This American Life is consistently great, but the narrative arc here, plus the production, the folk humor, the storytelling, everything just pretty damn perfect. It would have made for a fine TAL 2 episode but for the depth of the character in JBM, where I think they realized they really had something unique.

And I think Brian was a far better storyteller and interviewer than Sarah was in Serial too.
 
He was very present in all of his conversations. He also sounded like he was on the verge of tears so many times (I just think that's his natural voice).
 
probs too early to post spoilers but i do definitely want to talk about the show in detail (think this was what nonny alluded to a little about the whole show being available at once)

The mercury poisoning angle of John's depression is really compelling to me. Dude was clearly a genius.

I thought the reporting Brian did from Tyler to the Florida cousins and back was outstanding. You left the first three episodes clearly on Tyler's side and then flipped quickly back to neutral or anti-Tyler as the show continued.

not spoiler-y aside:

I think this was a perfect fit for a podcast. The self-contained story, told across several episodes, is a great format I hope NPR continues to explore.
 
Perhaps we should start a dedicated thread with spoilers?

In finishing the podcast, one over-arching thing that struck me is

This is a modern, non-fiction speaking for the dead.

Speakers of the Dead have full authority to investigate a person and their work after their death, and speak with judgement about the essence of them in eulogy.
 
Don't think I'm a fan of them making it all available at once

Anyone listen to Lovett or Leave It? He was ranting about this on Friday's episode.

Basically the theory that when you binge watch or listen something you forget about it much more quickly than if you digest and discuss between episodes. Which I tend to agree with.

Serial was awesome to talk and speculate about with friends.
 
If you're looking for more content after you finish Shit-town, try APM's In the Dark podcast.

It's good public radio investigative reporting on an old murder.
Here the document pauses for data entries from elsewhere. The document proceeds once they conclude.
text \<open>Induction on the codimension of an orthonormal family \<open>W\<close> inside the kernel of \<open>X\<close>:
  a nonzero eigenvector \<open>v\<close> is orthogonal to \<open>W\<close>, and \<open>X - d vv\<^sup>*\<close> kills \<open>W \<union> {v}\<close>.\<close>
lemma hermitian_spectral_decomposition_aux:
  fixes X :: "complex^'n^'n"
  assumes "adj X = X" "orthonormal_set W" "\<And>w. w \<in> W \<Longrightarrow> X *v w = 0"
  shows "\<exists>F lam. finite F \<and> orthonormal_set F \<and> (\<forall>w\<in>F. lam w \<noteq> 0) \<and> X = diag_op F lam"
  using assms
proof (induction "DIM(complex^'n) - card W" arbitrary: X W rule: less_induct)
  case less
  show ?case
  proof (cases "X = 0")
    case True
    then show ?thesis
      by (intro exI[of _ "{}"]) (simp add: orthonormal_set_def diag_op_def)
  next
    case False
    from hermitian_nonzero_eigenvector[OF less.prems(1) this] obtain v d
      where v1: "cinner v v = 1" and d: "d \<noteq> 0" and Xv: "X *v v = d *\<^sub>R v" by blast
    have vW: "cinner w v = 0" "cinner v w = 0" if "w \<in> W" for w
      using hermitian_eigenvectors_orthogonal[OF less.prems(1) Xv _ d, of w] less.prems(3)[OF that]
        cnj_cinner[of w v] by simp_all
    define X' where "X' = X - d *\<^sub>R outer v v"
    have X'_apply: "X' *v y = X *v y - (complex_of_real d * cinner v y) *s v" for y
      by (simp add: X'_def matrix_vector_mult_diff_rdistrib scaleR_matrix_vector_mult
          outer_matrix_vector_mult scaleR_vec_complex vector_smult_assoc)
    have W': "orthonormal_set (insert v W)"
      using less.prems(2) v1 vW by (auto simp: orthonormal_set_def)
    have "finite W" "v \<notin> W"
      using orthonormal_set_independent[OF less.prems(2)] vW v1 by (auto simp: independent_bound)
    moreover have "card (insert v W) \<le> DIM(complex^'n)"
      using orthonormal_set_independent[OF W'] independent_bound by blast
    ultimately have "DIM(complex^'n) - card (insert v W) < DIM(complex^'n) - card W" by simp
    moreover have "adj X' = X'" by (simp add: X'_def adj_diff adj_scaleR adj_outer less.prems(1))
    moreover have kernel: "X' *v w = 0" if "w \<in> insert v W" for w
      using that less.prems(3) vW by (auto simp: X'_apply Xv v1 scaleR_vec_complex)
    ultimately obtain F lam where F: "finite F" "orthonormal_set F" "\<forall>w\<in>F. lam w \<noteq> 0"
      and X': "X' = diag_op F lam"
      using less.hyps W' by blast
    have vF: "cinner v u = 0" "cinner u v = 0" if "u \<in> F" for u
    proof -
      have "diag_op F lam *v v = 0 *\<^sub>R v" using kernel X' by simp
      with F(3) that show "cinner v u = 0"
        by (intro hermitian_eigenvectors_orthogonal[OF adj_diag_op
              diag_op_eigenvector[OF F(2,1) that, of lam]]) auto
      then show "cinner u v = 0" using cnj_cinner[of u v] by simp
    qed
    then have "v \<notin> F" using v1 by force
    have "X = diag_op F lam + d *\<^sub>R outer v v" by (simp add: X' [symmetric] X'_def)
    also have "\<dots> = diag_op (insert v F) (lam(v := d))"
      using F(1) \<open>v \<notin> F\<close> by (auto simp: diag_op_def add.commute intro!: sum.cong)
    finally show ?thesis
      using F \<open>v \<notin> F\<close> v1 vF d
      by (intro exI[of _ "insert v F"] exI[of _ "lam(v := d)"]) (auto simp: orthonormal_set_def)
  qed
qed

lemma hermitian_spectral_decomposition:
  fixes X :: "complex^'n^'n"
  assumes "adj X = X"
  shows "\<exists>F lam. finite F \<and> orthonormal_set F \<and> X = diag_op F lam"
  using hermitian_spectral_decomposition_aux[OF assms, of "{}"]
  by (auto simp: orthonormal_set_def)


section \<open>Trace norm of Hermitian matrices\<close>

lemma diag_op_mult:
  assumes o: "orthonormal_set F" and f: "finite F"
  shows "diag_op F a ** diag_op F b = diag_op F (\<lambda>w. a w * b w)"
proof -
  have "(diag_op F a ** diag_op F b) *v x = diag_op F (\<lambda>w. a w * b w) *v x" for x
  proof -
    have "(diag_op F a ** diag_op F b) *v x
        = (\<Sum>w\<in>F. (complex_of_real (b w) * cinner w x) *s (diag_op F a *v w))"
      by (simp add: matrix_vector_mul_assoc[symmetric] diag_op_apply matrix_vector_mult_sum
          vector_scalar_commute)
    also have "\<dots> = (\<Sum>w\<in>F. (complex_of_real (b w) * cinner w x) *s (a w *\<^sub>R w))"
      by (intro sum.cong refl) (simp add: diag_op_eigenvector[OF o f])
    also have "\<dots> = diag_op F (\<lambda>w. a w * b w) *v x"
      by (simp add: diag_op_apply scaleR_vec_complex vector_smult_assoc mult_ac)
    finally show ?thesis .
  qed
  then show ?thesis by (simp add: matrix_eq)
qed

lemma quad_form_diag_op: "quad_form (diag_op F c) u = (\<Sum>w\<in>F. c w * (cmod (cinner w u))\<^sup>2)"
proof -
  have sq: "cinner w u * cinner u w = complex_of_real ((cmod (cinner w u))\<^sup>2)" for w
    by (metis complex_norm_square cnj_cinner)
  have "cinner u (diag_op F c *v u) = (\<Sum>w\<in>F. complex_of_real (c w) * (cinner w u * cinner u w))"
    by (simp add: diag_op_apply cinner_sum_right cinner_scale_right mult_ac)
  also have "\<dots> = (\<Sum>w\<in>F. complex_of_real (c w * (cmod (cinner w u))\<^sup>2))"
    by (simp only: sq of_real_mult)
  finally show ?thesis by (simp only: quad_form_def Re_sum Re_complex_of_real)
qed

text \<open>Uniqueness of the positive square root: an eigenvector \<open>v\<close> of \<open>S - T\<close> with eigenvalue
  \<open>d \<noteq> 0\<close> satisfies \<open>d (\<langle>v, S v\<rangle> + \<langle>v, T v\<rangle>) = \<langle>v, (S\<^sup>2 - T\<^sup>2) v\<rangle> = 0\<close>, so both forms vanish at \<open>v\<close>.\<close>
lemma psd_sqrt_unique:
  fixes S T :: "complex^'n^'n"
  assumes S: "psd S" and T: "psd T" and eq: "S ** S = T ** T"
  shows "S = T"
proof (rule ccontr)
  assume "S \<noteq> T"
  have hS: "adj S = S" and pS: "0 \<le> quad_form S u"
    and hT: "adj T = T" and pT: "0 \<le> quad_form T u" for u
    using S T by (auto simp: psd_def quad_form_def)
  define E where "E = S - T"
  have Eapp: "E *v y = S *v y - T *v y" for y
    by (simp add: E_def matrix_vector_mult_diff_rdistrib)
  have "adj E = E" by (simp add: E_def adj_diff hS hT)
  moreover have "E \<noteq> 0" using \<open>S \<noteq> T\<close> by (simp add: E_def)
  ultimately obtain v d where v1: "cinner v v = 1" and d: "d \<noteq> 0" and Ev: "E *v v = d *\<^sub>R v"
    using hermitian_nonzero_eigenvector by blast
  have "S *v (S *v v) = T *v (T *v v)" by (simp add: matrix_vector_mul_assoc eq)
  then have key: "S *v (E *v v) + E *v (T *v v) = 0"
    by (simp add: Eapp matrix_vector_mult_diff_distrib)
  have "cinner v (E *v (T *v v)) = cinner (E *v v) (T *v v)"
    by (simp only: cinner_adj[of v E] \<open>adj E = E\<close>)
  then have "complex_of_real d * (cinner v (S *v v) + cinner v (T *v v)) = 0"
    using arg_cong[OF key, of "cinner v"]
    by (simp add: Ev matrix_vector_mult_scaleR_complex cinner_scaleR_right cinner_scaleR_left
        cinner_add_right distrib_left)
  then have "quad_form S v + quad_form T v = 0"
    using d by (simp add: quad_form_def) (metis plus_complex.sel(1) zero_complex.sel(1))
  then have "quad_form S v = 0" "quad_form T v = 0" using pS[of v] pT[of v] by linarith+
  then have "E *v v = 0"
    using psd_quad_form_zero_imp_kernel[OF S] psd_quad_form_zero_imp_kernel[OF T]
    by (simp add: Eapp)
  then show False using Ev d v1 by simp
qed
Very similar to Serial season one.

I'm two episodes in and I give it a thumbs up.
 
Anyone listen to Lovett or Leave It? He was ranting about this on Friday's episode.

Basically the theory that when you binge watch or listen something you forget about it much more quickly than if you digest and discuss between episodes. Which I tend to agree with.

Serial was awesome to talk and speculate about with friends.

Yeah, but there's not a lot to digest or speculate about in S-Town. It's more of just following along with the story.

I'd give it a B-. Good storytelling and an interesting main character, but no real payoff.
 
Anyone listen to Lovett or Leave It? He was ranting about this on Friday's episode.

Basically the theory that when you binge watch or listen something you forget about it much more quickly than if you digest and discuss between episodes. Which I tend to agree with.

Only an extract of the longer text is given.